Lors des 6e Rencontres internationales des grands évènements sportifs (Riges), le 27 novembre à Paris, la ministre des Sports, Roxana Maracineanu, était venue annoncer la volonté de l’État de rapprocher les filières entre elles et de « travailler en équipe avec le secteur privé ».
Devant les professionnels rassemblés par Business France, l’ancienne championne du monde de natation (200 mètres dos) a indiqué la nécessité d’une « réflexion structurée » pour « mieux identifier les marchés » et annoncé la création en 2019 d’une « entité juridique pour travailler sur les marchés national et international » et de deux nouveaux Clubs sports à l’étranger, « en Amérique et en Afrique ».

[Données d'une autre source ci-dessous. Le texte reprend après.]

lemma cl_mult_sum_left:
  "finite K \<Longrightarrow> cl_mult n (cl_sum f K) z = cl_sum (\<lambda>k. cl_mult n (f k) z) K"
  by (rule ext) (simp add: cl_mult_apply cl_sum_def sum_distrib_left sum_distrib_right,
      subst sum.swap, simp add: algebra_simps)

lemma cl_mult_sum_right:
  "finite K \<Longrightarrow> cl_mult n z (cl_sum f K) = cl_sum (\<lambda>k. cl_mult n z (f k)) K"
  by (rule ext) (simp add: cl_mult_apply cl_sum_def sum_distrib_left sum_distrib_right,
      subst sum.swap, simp add: algebra_simps)

lemma mult_indicator_complex [simp]:
  "(if P then 1 else 0) * (x::complex) = (if P then x else 0)"
  "x * (if P then 1 else 0) = (if P then x else 0)"
  "(if P then a else 0) * x = (if P then a * x else 0)"
  by auto

lemma symdiff_empty [simp]: "symdiff {} C = C" "symdiff C C = {}"
  unfolding symdiff_def by auto

lemma swap_sign_empty [simp]: "swap_sign {} C = 1" "swap_sign C {} = 1"
  by (simp_all add: swap_sign_def)

lemma cl_mult_one_left: "x \<in> clifford_alg n \<Longrightarrow> cl_mult n cl_one x = x"
proof (rule ext)
  fix C assume x: "x \<in> clifford_alg n"
  show "cl_mult n cl_one x C = x C"
  proof (cases "C \<subseteq> {1..n}")
    case True
    have "cl_mult n cl_one x C = (\<Sum>A\<in>Pow {1..n}. if A = {} then x C else 0)"
      using True by (simp add: cl_mult_apply cl_one_def cong: if_cong)
    then show ?thesis by simp
  next
    case False then show ?thesis using x by (auto simp: cl_mult_apply clifford_alg_def)
  qed
qed

lemma cl_mult_one_right: "x \<in> clifford_alg n \<Longrightarrow> cl_mult n x cl_one = x"
proof (rule ext)
  fix C assume x: "x \<in> clifford_alg n"
  show "cl_mult n x cl_one C = x C"
  proof (cases "C \<subseteq> {1..n}")
    case True
    have "cl_mult n x cl_one C = (\<Sum>A\<in>Pow {1..n}. if A = C then x C else 0)"
      using True by (auto simp: cl_mult_apply cl_one_def symdiff_empty_iff intro!: sum.cong)
    then show ?thesis using True by simp
  next
    case False then show ?thesis using x by (auto simp: cl_mult_apply clifford_alg_def)
  qed
qed

lemma cl_mult_gen_left:
  "cl_mult n (cl_gen i) y C = (if C \<subseteq> {1..n} \<and> i \<in> {1..n}
     then swap_sign {i} (symdiff {i} C) * y (symdiff {i} C) else 0)"
proof (cases "C \<subseteq> {1..n}")
  case True
  then have "cl_mult n (cl_gen i) y C = (\<Sum>A\<in>Pow {1..n}.
      if A = {i} then swap_sign {i} (symdiff {i} C) * y (symdiff {i} C) else 0)"
    by (simp add: cl_mult_apply cl_gen_def cong: if_cong)
  then show ?thesis using True by simp
qed (simp add: cl_mult_apply)

lemma cl_gen_mult_gen:
  assumes "a \<in> {1..n}" "b \<in> {1..n}"
  shows "cl_mult n (cl_gen a) (cl_gen b) =
    (\<lambda>C. if C = symdiff {a} {b} then (if b \<le> a then -1 else 1) else 0)"
proof
  fix C
  show "cl_mult n (cl_gen a) (cl_gen b) C =
      (if C = symdiff {a} {b} then (if b \<le> a then -1 else 1) else 0)"
  proof (cases "C = symdiff {a} {b}")
    case True
    then have "C \<subseteq> {1..n}" using assms by (auto simp: symdiff_def)
    then show ?thesis using True assms
      by (subst cl_mult_gen_left) (simp add: cl_gen_def swap_sign_def)
  next
    case False
    then have "symdiff {a} C \<noteq> {b}" by (auto simp: symdiff_eq_iff)
    then show ?thesis using False assms by (subst cl_mult_gen_left) (simp add: cl_gen_def)
  qed
qed

definition cl_anticomm :: "nat \<Rightarrow> cliff \<Rightarrow> cliff \<Rightarrow> cliff" where
  "cl_anticomm n a b = cl_add (cl_mult n a b) (cl_mult n b a)"

lemma cl_anticomm_gen:
  assumes "i \<in> {1..n}" "j \<in> {1..n}"
  shows "cl_anticomm n (cl_gen i) (cl_gen j) = (if i = j then cl_scale (-2) cl_one else cl_zero)"
proof -
  have "symdiff {j} {i} = symdiff {i} {j}" "symdiff {i} {i} = {}"
    by (auto simp: symdiff_def)
  then show ?thesis
    unfolding cl_anticomm_def cl_gen_mult_gen[OF assms] cl_gen_mult_gen[OF assms(2,1)]
    by (auto simp: fun_eq_iff cl_apply cl_one_def)
qed

lemma cl_anticomm_add_left: "cl_anticomm n (cl_add a b) c = cl_add (cl_anticomm n a c) (cl_anticomm n b c)"
  by (simp add: cl_anticomm_def cl_mult_add_left cl_mult_add_right fun_eq_iff cl_apply)

lemma cl_anticomm_add_right: "cl_anticomm n c (cl_add a b) = cl_add (cl_anticomm n c a) (cl_anticomm n c b)"
  by (simp add: cl_anticomm_def cl_mult_add_left cl_mult_add_right fun_eq_iff cl_apply)

lemma cl_anticomm_scale_left: "cl_anticomm n (cl_scale r a) c = cl_scale r (cl_anticomm n a c)"
  by (simp add: cl_anticomm_def cl_mult_scale_left cl_mult_scale_right fun_eq_iff cl_apply
      algebra_simps)

lemma cl_anticomm_scale_right: "cl_anticomm n c (cl_scale r a) = cl_scale r (cl_anticomm n c a)"
  by (simp add: cl_anticomm_def cl_mult_scale_left cl_mult_scale_right fun_eq_iff cl_apply
      algebra_simps)

lemmas cl_anticomm_linear =
  cl_anticomm_add_left cl_anticomm_add_right cl_anticomm_scale_left cl_anticomm_scale_right

lemma witt_anticomm:
  assumes "k \<in> {1..m}" "l \<in> {1..m}" "2 * m \<le> n"
  shows "cl_anticomm n (witt k) (witt l) = cl_zero"
    and "cl_anticomm n (witt_dag k) (witt_dag l) = cl_zero"
    and "cl_anticomm n (witt_dag k) (witt l) = cl_scale (if k = l then 1 else 0) cl_one"
    and "cl_anticomm n (witt k) (witt_dag l) = cl_scale (if k = l then 1 else 0) cl_one"
proof -
  have gens: "2*k-1 \<in> {1..n}" "2*k \<in> {1..n}" "2*l-1 \<in> {1..n}" "2*l \<in> {1..n}"
    using assms by auto
  have index_eqs: "(2*k-1 = 2*l-1) = (k = l)" "(2*k = 2*l) = (k = l)"
    "(2*k-1 = 2*l) = False" "(2*k = 2*l-1) = False"
    using assms by presburger+
  note G = cl_anticomm_gen[OF gens(1,3)] cl_anticomm_gen[OF gens(1,4)]
    cl_anticomm_gen[OF gens(2,3)] cl_anticomm_gen[OF gens(2,4)]
    cl_anticomm_gen[OF gens(3,1)] cl_anticomm_gen[OF gens(4,1)]
    cl_anticomm_gen[OF gens(3,2)] cl_anticomm_gen[OF gens(4,2)]
  show "cl_anticomm n (witt k) (witt l) = cl_zero"
    "cl_anticomm n (witt_dag k) (witt_dag l) = cl_zero"
    "cl_anticomm n (witt_dag k) (witt l) = cl_scale (if k = l then 1 else 0) cl_one"
    "cl_anticomm n (witt k) (witt_dag l) = cl_scale (if k = l then 1 else 0) cl_one"
    unfolding witt_def witt_dag_def cl_anticomm_linear G index_eqs
    by (auto simp: fun_eq_iff cl_apply)
qed

section \<open>Commutators with \<^const>\<open>P_op\<close> and \<^const>\<open>Q_op\<close>\<close>

lemma cl_mult_anticomm_swap:
  assumes "cl_anticomm n u a = cl_scale \<alpha> cl_one"
  shows "cl_mult n u a = cl_add (cl_scale \<alpha> cl_one) (cl_scale (-1) (cl_mult n a u))"
proof -
  have "cl_mult n u a C + cl_mult n a u C = \<alpha> * cl_one C" for C
    using fun_cong[OF assms, of C] by (simp add: cl_anticomm_def cl_apply)
  then show ?thesis by (simp add: fun_eq_iff cl_apply eq_diff_eq[symmetric])
qed

lemma cl_mult_commute_pair:
  assumes "cl_anticomm n u a = cl_scale \<alpha> cl_one" "cl_anticomm n u b = cl_scale \<beta> cl_one"
    and "a \<in> clifford_alg n" "b \<in> clifford_alg n"
  shows "cl_mult n u (cl_mult n a b) =
    cl_add (cl_mult n (cl_mult n a b) u) (cl_add (cl_scale \<alpha> b) (cl_scale (-\<beta>) a))"
proof -
  have "cl_mult n u (cl_mult n a b) = cl_mult n (cl_mult n u a) b"
    by (simp add: cl_mult_assoc)
  also have "\<dots> = cl_add (cl_scale \<alpha> b) (cl_scale (-1) (cl_mult n a (cl_mult n u b)))"
    unfolding cl_mult_anticomm_swap[OF assms(1)]
    by (simp add: cl_mult_add_left cl_mult_scale_left cl_mult_one_left assms(4) cl_mult_assoc)
  also have "cl_mult n a (cl_mult n u b) = cl_add (cl_scale \<beta> a) (cl_scale (-1) (cl_mult n (cl_mult n a b) u))"
    unfolding cl_mult_anticomm_swap[OF assms(2)]
    by (simp add: cl_mult_add_right cl_mult_scale_right cl_mult_one_right assms(3) cl_mult_assoc)
  finally show ?thesis
    by (simp add: fun_eq_iff cl_apply algebra_simps)
qed

lemma cl_mult_commute_pair_sum:
  assumes "finite J"
    and "\<And>j. j \<in> J \<Longrightarrow> cl_anticomm n u (a j) = cl_scale (\<alpha> j) cl_one"
    and "\<And>j. j \<in> J \<Longrightarrow> cl_anticomm n u (b j) = cl_scale (\<beta> j) cl_one"
    and "\<And>j. j \<in> J \<Longrightarrow> a j \<in> clifford_alg n" "\<And>j. j \<in> J \<Longrightarrow> b j \<in> clifford_alg n"
  shows "cl_mult n u (cl_sum (\<lambda>j. cl_mult n (a j) (b j)) J) =
    cl_add (cl_mult n (cl_sum (\<lambda>j. cl_mult n (a j) (b j)) J) u)
      (cl_sum (\<lambda>j. cl_add (cl_scale (\<alpha> j) (b j)) (cl_scale (- \<beta> j) (a j))) J)"
  using cl_mult_commute_pair[OF assms(2-5)] assms(1)
  by (simp add: cl_mult_sum_left cl_mult_sum_right fun_eq_iff cl_apply sum.distrib[symmetric]
      cong: sum.cong)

Ces structures, dont il n’existe à ce jour qu’un exemple, le Club sport Chine lancé en 2017, doivent rassembler les acteurs, coordonner la présentation de l’offre tricolore, mutualiser également la veille de marché et promouvoir cette offre, avec le soutien de Business France. Cette dernière a d’ailleurs saisi l’occasion de ces Rencontres pour lancer la troisième édition du catalogue Team France Sport, présentant l’offre de 80 entreprises et leurs références à l’international.
L’exemple du contrat décroché pour le stade de Yamoussoukro
L’Hexagone, qui va accueillir la Coupe du monde de football féminin en 2019, la Coupe du monde de rugby en 2023 et les Jeux olympiques en 2024, sera ainsi plus forte pour accrocher des marchés dans des pays où la pratique du sport se développe et de grands évènements sont organisés, en Afrique notamment (Algérie, Côte d’Ivoire, Égypte, Maroc, Sénégal…), mais aussi en Asie (Chine, Inde, Japon..) et au Proche et Moyen-Orient (Arabie saoudite, Qatar…).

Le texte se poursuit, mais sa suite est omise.